Что там титул с обложкой – в книге не хватало доброй половины страниц! Да и те, что наличествовали, были изрядно обожжены и основательно потрёпаны.

Но это даже к лучшему. Конечно читать такую книгу крайне неудобно – ни начала тебе, что называется, ни конца. Зато все эти прожженности и обрывчатости придавали процессу чтения некую неповторимую таинственность и загадочность. А Николенька о-очень любил всё загадочное и таинственное. А кто, скажите, не любит – в одиннадцать-то лет…

Книгу эту Коля нашел в старом пыльном чулане в Поповке, когда играл в кладоискателя. Наверно она осталась от предыдущих хозяев усадьбы.

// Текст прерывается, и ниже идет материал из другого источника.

lemma rank_less_card_iff:
  assumes "finite A" "inj_on f A" "D \<subseteq> A" "u \<in> A"
    and down: "\<And>x y. x \<in> D \<Longrightarrow> y \<in> A \<Longrightarrow> f y < f x \<Longrightarrow> y \<in> D"
  shows "u \<in> D \<longleftrightarrow> rank f A u < card D"
proof
  assume "u \<in> D"
  then have "{y \<in> A. f y < f u} \<subset> D" using down by auto
  then show "rank f A u < card D"
    unfolding rank_def by (meson assms(1,3) finite_subset psubset_card_mono)
next
  assume less: "rank f A u < card D"
  show "u \<in> D"
  proof (rule ccontr)
    assume "u \<notin> D"
    then have "f d < f u" if "d \<in> D" for d
      using that down assms(2-4) inj_on_eq_iff[OF assms(2)]
      by (metis linorder_neqE subsetD)
    then have "D \<subseteq> {y \<in> A. f y < f u}" using assms(3) by auto
    then have "card D \<le> rank f A u"
      unfolding rank_def using assms(1) by (simp add: card_mono)
    then show False using less by simp
  qed
qed

lemma induced_M2_free_nested:
  assumes "induced_M2_free E A B" "x \<in> A" "x' \<in> A"
  shows "{y \<in> B. E x y} \<subseteq> {y \<in> B. E x' y} \<or> {y \<in> B. E x' y} \<subseteq> {y \<in> B. E x y}"
  using assms unfolding induced_M2_free_def by blast

lemma induced_M2_free_threshold:
  assumes "finite A" "finite B" "induced_M2_free E A B"
  obtains \<rho> where "bij_betw \<rho> A {..<card A}"
    and "\<And>u w. u \<in> A \<Longrightarrow> w \<in> B \<Longrightarrow> E u w \<longleftrightarrow> \<rho> u < card {x \<in> A. E x w}"
proof -
  obtain g :: "'a \<Rightarrow> nat" where g: "inj_on g A"
    using finite_imp_inj_to_nat_seg[OF assms(1)] by blast
  define N where "N x = {y \<in> B. E x y}" for x
  define key where "key x = (- int (card (N x)), g x)" for x
  have inj: "inj_on key A"
    using g unfolding key_def inj_on_def by simp
  have down: "E x' w"
    if "x \<in> A" "x' \<in> A" "w \<in> B" "E x w" "key x' < key x" for x x' w
  proof -
    have "card (N x) \<le> card (N x')"
      using that(5) unfolding key_def less_prod_def by auto
    moreover have "finite (N x)" using assms(2) unfolding N_def by simp
    ultimately have "N x \<subseteq> N x'"
      using induced_M2_free_nested[OF assms(3) that(1,2)] card_seteq
      unfolding N_def by blast
    then show ?thesis using that(3,4) unfolding N_def by blast
  qed
  show thesis
  proof
    show "bij_betw (rank key A) A {..<card A}" by (rule bij_betw_rank[OF assms(1) inj])
    fix u w assume "u \<in> A" "w \<in> B"
    then show "E u w \<longleftrightarrow> rank key A u < card {x \<in> A. E x w}"
      using rank_less_card_iff[OF assms(1) inj, of "{x \<in> A. E x w}" u] down by blast
  qed
qed

lemma induced_M2_free_threshold_family:
  fixes X :: "nat \<Rightarrow> 'a set" and k :: nat
  assumes "\<And>i. i < k \<Longrightarrow> finite (X i)"
    and "\<And>i j. i < j \<Longrightarrow> j < k \<Longrightarrow> induced_M2_free E (X i) (X j)"
  obtains \<rho> where "\<And>i j. i < j \<Longrightarrow> j < k \<Longrightarrow> bij_betw (\<rho> i j) (X i) {..<card (X i)}"
    and "\<And>i j u w. i < j \<Longrightarrow> j < k \<Longrightarrow> u \<in> X i \<Longrightarrow> w \<in> X j \<Longrightarrow>
           E u w \<longleftrightarrow> \<rho> i j u < card {x \<in> X i. E x w}"
proof -
  have "\<exists>r. bij_betw r (X i) {..<card (X i)} \<and>
      (\<forall>u\<in>X i. \<forall>w\<in>X j. E u w \<longleftrightarrow> r u < card {x \<in> X i. E x w})" if ij: "i < j" "j < k" for i j
  proof -
    have "i < k" using ij by simp
    then have fin: "finite (X i)" "finite (X j)" using assms(1) ij by simp_all
    obtain r where "bij_betw r (X i) {..<card (X i)}"
      and "\<And>u w. u \<in> X i \<Longrightarrow> w \<in> X j \<Longrightarrow> E u w \<longleftrightarrow> r u < card {x \<in> X i. E x w}"
      using induced_M2_free_threshold[OF fin assms(2)[OF ij]] by blast
    then show ?thesis by blast
  qed
  then obtain \<rho> where \<rho>: "\<And>i j. i < j \<Longrightarrow> j < k \<Longrightarrow> bij_betw (\<rho> i j) (X i) {..<card (X i)} \<and>
      (\<forall>u\<in>X i. \<forall>w\<in>X j. E u w \<longleftrightarrow> \<rho> i j u < card {x \<in> X i. E x w})"
    by metis
  show thesis
  proof (rule that)
    show "bij_betw (\<rho> i j) (X i) {..<card (X i)}" if "i < j" "j < k" for i j
      using \<rho>[OF that] by blast
    show "E u w \<longleftrightarrow> \<rho> i j u < card {x \<in> X i. E x w}"
      if "i < j" "j < k" "u \<in> X i" "w \<in> X j" for i j u w
      using \<rho>[OF that(1,2)] that(3,4) by blast
  qed
qed

lemma div_Suc_div_less:
  fixes a m v :: nat
  assumes "0 < m" "v \<le> a"
  shows "v div (a div m + 1) < m"
proof -
  have "a < a div m * m + m"
    using div_mult_mod_eq[of a m] mod_less_divisor[OF assms(1), of a] by linarith
  then have "a < m * (a div m + 1)" by (simp add: algebra_simps)
  then have "a div (a div m + 1) < m" by (rule less_mult_imp_div_less)
  then show ?thesis using div_le_mono[OF assms(2)] by (rule le_less_trans[rotated])
qed

lemma mult_Suc_div_le:
  fixes a m :: nat
  assumes "m \<le> a"
  shows "m * (a div m + 1) \<le> 2 * a"
proof -
  have "m * (a div m) \<le> a" by (simp add: minus_mod_eq_mult_div[symmetric])
  moreover have "m * (a div m + 1) = m * (a div m) + m" by simp
  ultimately show ?thesis using assms by linarith
qed

lemma card_div_fibre_le:
  fixes f :: "'a \<Rightarrow> nat"
  assumes "inj_on f A" "0 < b"
  shows "card {x \<in> A. f x div b = t} \<le> b"
proof -
  have "f ` {x \<in> A. f x div b = t} \<subseteq> {t * b..<t * b + b}"
  proof (rule image_subsetI)
    fix x assume "x \<in> {x \<in> A. f x div b = t}"
    then have "f x = t * b + f x mod b" by (metis (mono_tags) div_mult_mod_eq mem_Collect_eq)
    then show "f x \<in> {t * b..<t * b + b}" using mod_less_divisor[OF assms(2), of "f x"] by simp
  qed
  moreover have "inj_on f {x \<in> A. f x div b = t}"
    using assms(1) by (rule inj_on_subset) auto
  ultimately have "card {x \<in> A. f x div b = t} \<le> card {t * b..<t * b + b}"
    using card_inj_on_le by blast
  then show ?thesis by simp
qed

lemma sum_lower_pairs_le_square:
  fixes f :: "nat \<Rightarrow> nat"
  shows "2 * (\<Sum>j<k. f j * (\<Sum>i<j. f i)) \<le> (\<Sum>i<k. f i)\<^sup>2"
proof (induction k)
  case 0 then show ?case by simp
next
  case (Suc k)
  define S where "S = (\<Sum>i<k. f i)"
  have "2 * (\<Sum>j<Suc k. f j * (\<Sum>i<j. f i)) = 2 * (\<Sum>j<k. f j * (\<Sum>i<j. f i)) + 2 * f k * S"
    by (simp add: S_def algebra_simps)
  also have "\<dots> \<le> S\<^sup>2 + 2 * f k * S" using Suc S_def by simp
  also have "\<dots> \<le> (S + f k)\<^sup>2" by (simp add: power2_eq_square algebra_simps)
  finally show ?case by (simp add: S_def)
qed

lemma sum_card_product_le_card:
  assumes "partition_on V P" "finite V" "Q \<subseteq> P \<times> P" "finite Z"
    and "\<And>U W x y. (U, W) \<in> Q \<Longrightarrow> x \<in> U \<Longrightarrow> y \<in> W \<Longrightarrow> (x, y) \<in> Z"
  shows "(\<Sum>(U, W)\<in>Q. card U * card W) \<le> card Z"
proof -
  have finP: "finite P" using finite_elements[OF assms(2,1)] .
  have finU: "finite U" if "U \<in> P" for U
    using that assms(1,2) partition_onD1 by (metis Union_upper finite_subset)
  have "(\<Sum>(U, W)\<in>Q. card U * card W) = (\<Sum>p\<in>Q. card (fst p \<times> snd p))"
    by (simp add: card_cartesian_product case_prod_beta)
  also have "\<dots> = card (\<Union>p\<in>Q. fst p \<times> snd p)"
  proof (rule card_UN_disjoint[symmetric])
    show "finite Q" using finP assms(3) finite_subset by blast
    show "\<forall>p\<in>Q. finite (fst p \<times> snd p)" using assms(3) finU by auto
    show "\<forall>p\<in>Q. \<forall>q\<in>Q. p \<noteq> q \<longrightarrow> fst p \<times> snd p \<inter> (fst q \<times> snd q) = {}"
    proof (intro ballI impI)
      fix p q assume "p \<in> Q" "q \<in> Q" "p \<noteq> q"
      moreover have "fst p \<in> P" "snd p \<in> P" "fst q \<in> P" "snd q \<in> P"
        using assms(3) \<open>p \<in> Q\<close> \<open>q \<in> Q\<close> by (auto simp: mem_Times_iff)
      ultimately have "fst p \<inter> fst q = {} \<or> snd p \<inter> snd q = {}"
        using partition_onD2[OF assms(1)] by (metis disjointD prod_eq_iff)
      then show "fst p \<times> snd p \<inter> (fst q \<times> snd q) = {}" by auto
    qed
  qed
  also have "\<dots> \<le> card Z"
  proof (rule card_mono[OF assms(4)], intro UN_least)
    fix p assume "p \<in> Q"
    then show "fst p \<times> snd p \<subseteq> Z" using assms(5)[of "fst p" "snd p"] by auto
  qed
  finally show ?thesis .
qed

Интереса ради мальчик принялся листать находку. И вот тебе раз - чтение весьма захватило его. Найденная книга на поверку оказалась не менее интересной и занимательной, чем романы обожаемого капитана Майн Рида.

Сам того не подозревая, Николенька с головой погрузился в мир удивительных приключений и невероятных авантюр.

Неведомые страны, старинные гробницы, смертельные схватки, древние клады, потайные ходы, подземные лабиринты, могущественные ордена, сакральные знания и леденящие кровь обряды… Восторг, да и только!

Кто знает – может быть именно эта старая обгоревшая книга без обложки и титульного листа заронила в сердце будущего «конквистадора в панцире железном» первые семена необоримой страсти к дальним путешествиям и рискованным предприятиям. Кто знает…

*   *  *

 

…Четвертые сутки Иннокентий безуспешно пытался выбраться из хитроумной ловушки, в каковую угодил по собственному легкомыслию и непростительной в данном конкретном случае доверчивости.

А всё проклятый Пури, хвостом его по голове (князю отчего-то припомнилась озорная прибаутка Гийома Дорнье). Коварный индус хитростью заманил русского гостя в этот каменный мешок и запер его здесь, точно крысу. Подлый предатель! А ещё ученый человек, пандит.

– Бандит он, а не пандит! – в сердцах фыркнул Иннокентий, горько рассмеялся собственной шутке, вновь ухватился за обломок кинжала.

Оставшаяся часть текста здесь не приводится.